§ **Material for this exercise**:

(* There are polynomials $p_1,p_2$ such that the following holds. Let $P=\{x\in\mathbb{R}^n:Ax\le b\}$ be a nonempty polyhedron with $A,b$ rational, and let $\mathcal{Z}\subseteq\mathbb{R}^n$ be the linear subspace spanned by pairwise orthogonal rational vectors $x^1,\dots,x^k$. Let $x^*\in P$. Then there is $x'\in P$ with $x'_{\mathcal{Z}}=x^*_{\mathcal{Z}}$ and \[ \|x'\|\le p_1\!\left(\|x^*_{\mathcal{Z}}\|,\,2^{p_2(\langle P\rangle,\mathrm{bl}(\mathcal{Z}))}\right), \] where $\mathrm{bl}(\mathcal{Z})=\mathrm{bl}(x^1)+\dots+\mathrm{bl}(x^k)$.
   Context: $x_{\mathcal{Z}}$ is the orthogonal projection of $x$ onto $\mathcal{Z}$. Bit lengths: $\mathrm{bl}(k)=\max\{1,\lceil\log_2|k|\rceil\}$ for integers, $\mathrm{bl}(p/q)=\mathrm{bl}(p)+\mathrm{bl}(q)$ for reduced fractions, summed over entries for vectors and matrices. $\langle P\rangle=\mathrm{bl}(A)+\mathrm{bl}(b)$ (with $\langle P\rangle\ge n$ if $P=\mathbb{R}^n$). *)

theory Defs
  imports "Jordan_Normal_Form.Matrix"
begin

definition bl_int :: "int \<Rightarrow> nat" where
  "bl_int k = nat (max 1 \<lceil>log 2 (real_of_int \<bar>k\<bar>)\<rceil>)"

definition bl_rat :: "rat \<Rightarrow> nat" where
  "bl_rat r = (case quotient_of r of (p, q) \<Rightarrow> bl_int p + bl_int q)"

definition bl_vec :: "rat vec \<Rightarrow> nat" where
  "bl_vec v = (\<Sum>i<dim_vec v. bl_rat (v $ i))"

definition bl_mat :: "rat mat \<Rightarrow> nat" where
  "bl_mat A = (\<Sum>i<dim_row A. \<Sum>j<dim_col A. bl_rat (A $$ (i, j)))"

text \<open>Encoding size of P = {x. A x <= b} in R^n; the max with n realises the
  convention that the size is at least n when P = R^n (m = 0 rows).\<close>
definition enc_poly :: "nat \<Rightarrow> rat mat \<Rightarrow> rat vec \<Rightarrow> nat" where
  "enc_poly n A b = max n (bl_mat A + bl_vec b)"

definition bl_list :: "rat vec list \<Rightarrow> nat" where
  "bl_list xs = (\<Sum>v\<leftarrow>xs. bl_vec v)"

definition polyhedron :: "nat \<Rightarrow> rat mat \<Rightarrow> rat vec \<Rightarrow> real vec set" where
  "polyhedron n A b = {x \<in> carrier_vec n. map_mat of_rat A *\<^sub>v x \<le> map_vec of_rat b}"

definition lin_span :: "nat \<Rightarrow> rat vec list \<Rightarrow> real vec set" where
  "lin_span n xs = {vec n (\<lambda>j. \<Sum>i<length xs. c i * of_rat (xs ! i $ j)) | c :: nat \<Rightarrow> real. True}"

definition orth_proj :: "nat \<Rightarrow> real vec set \<Rightarrow> real vec \<Rightarrow> real vec" where
  "orth_proj n Z x = (THE y. y \<in> Z \<and> (\<forall>z\<in>Z. (x - y) \<bullet> z = 0))"

definition vnorm :: "real vec \<Rightarrow> real" where
  "vnorm x = sqrt (x \<bullet> x)"

definition poly2 :: "(nat \<Rightarrow> nat \<Rightarrow> real) \<Rightarrow> nat \<Rightarrow> real \<Rightarrow> real \<Rightarrow> real" where
  "poly2 c d x y = (\<Sum>i\<le>d. \<Sum>j\<le>d. c i j * x ^ i * y ^ j)"

end

theory Submission
  imports Defs "Jordan_Normal_Form.Determinant"
begin

text \<open>The points of P with the same projection onto Z as x* form the polyhedron
  {x. A x \<le> b and x \<bullet> x^l = x* \<bullet> x^l for all l}. Since x* \<bullet> x^l = x*_Z \<bullet> x^l, clearing
  denominators turns it into an integer system whose coefficients are at most 2^O(N) and whose
  right-hand sides are at most 2^O(N) (1 + |x*_Z|), where N is the total bit length.

  A feasible integer system a x \<le> b has a small solution: take a feasible x maximising the
  number of tight rows plus the number of zero coordinates. No nonzero direction keeps all
  tight rows tight and all zero coordinates zero, since moving along it would make a new row
  tight or a new coordinate vanish. Hence the Gram matrix of the tight rows restricted to the
  support of x, completed by the identity off the support, is a nonsingular integer matrix
  that maps x to a vector built from b alone, and Cramer's rule bounds the coordinates of x.\<close>

section \<open>Bit lengths\<close>

lemma abs_le_two_power_bl_int: "\<bar>real_of_int p\<bar> \<le> 2 ^ bl_int p"
proof (cases "p = 0")
  case False
  have "log 2 \<bar>real_of_int p\<bar> \<le> real_of_int \<lceil>log 2 \<bar>real_of_int p\<bar>\<rceil>" by (rule le_of_int_ceiling)
  also have "\<dots> \<le> real (bl_int p)" unfolding bl_int_def by simp
  finally have "2 powr log 2 \<bar>real_of_int p\<bar> \<le> 2 powr real (bl_int p)" by simp
  with False show ?thesis by (simp add: powr_realpow)
qed simp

§ **Exercise details**: Select every line of the material above holding the word "Defs" and copy it.

§ **Answer space**:
theory Defs
  imports Defs "Jordan_Normal_Form.Determinant"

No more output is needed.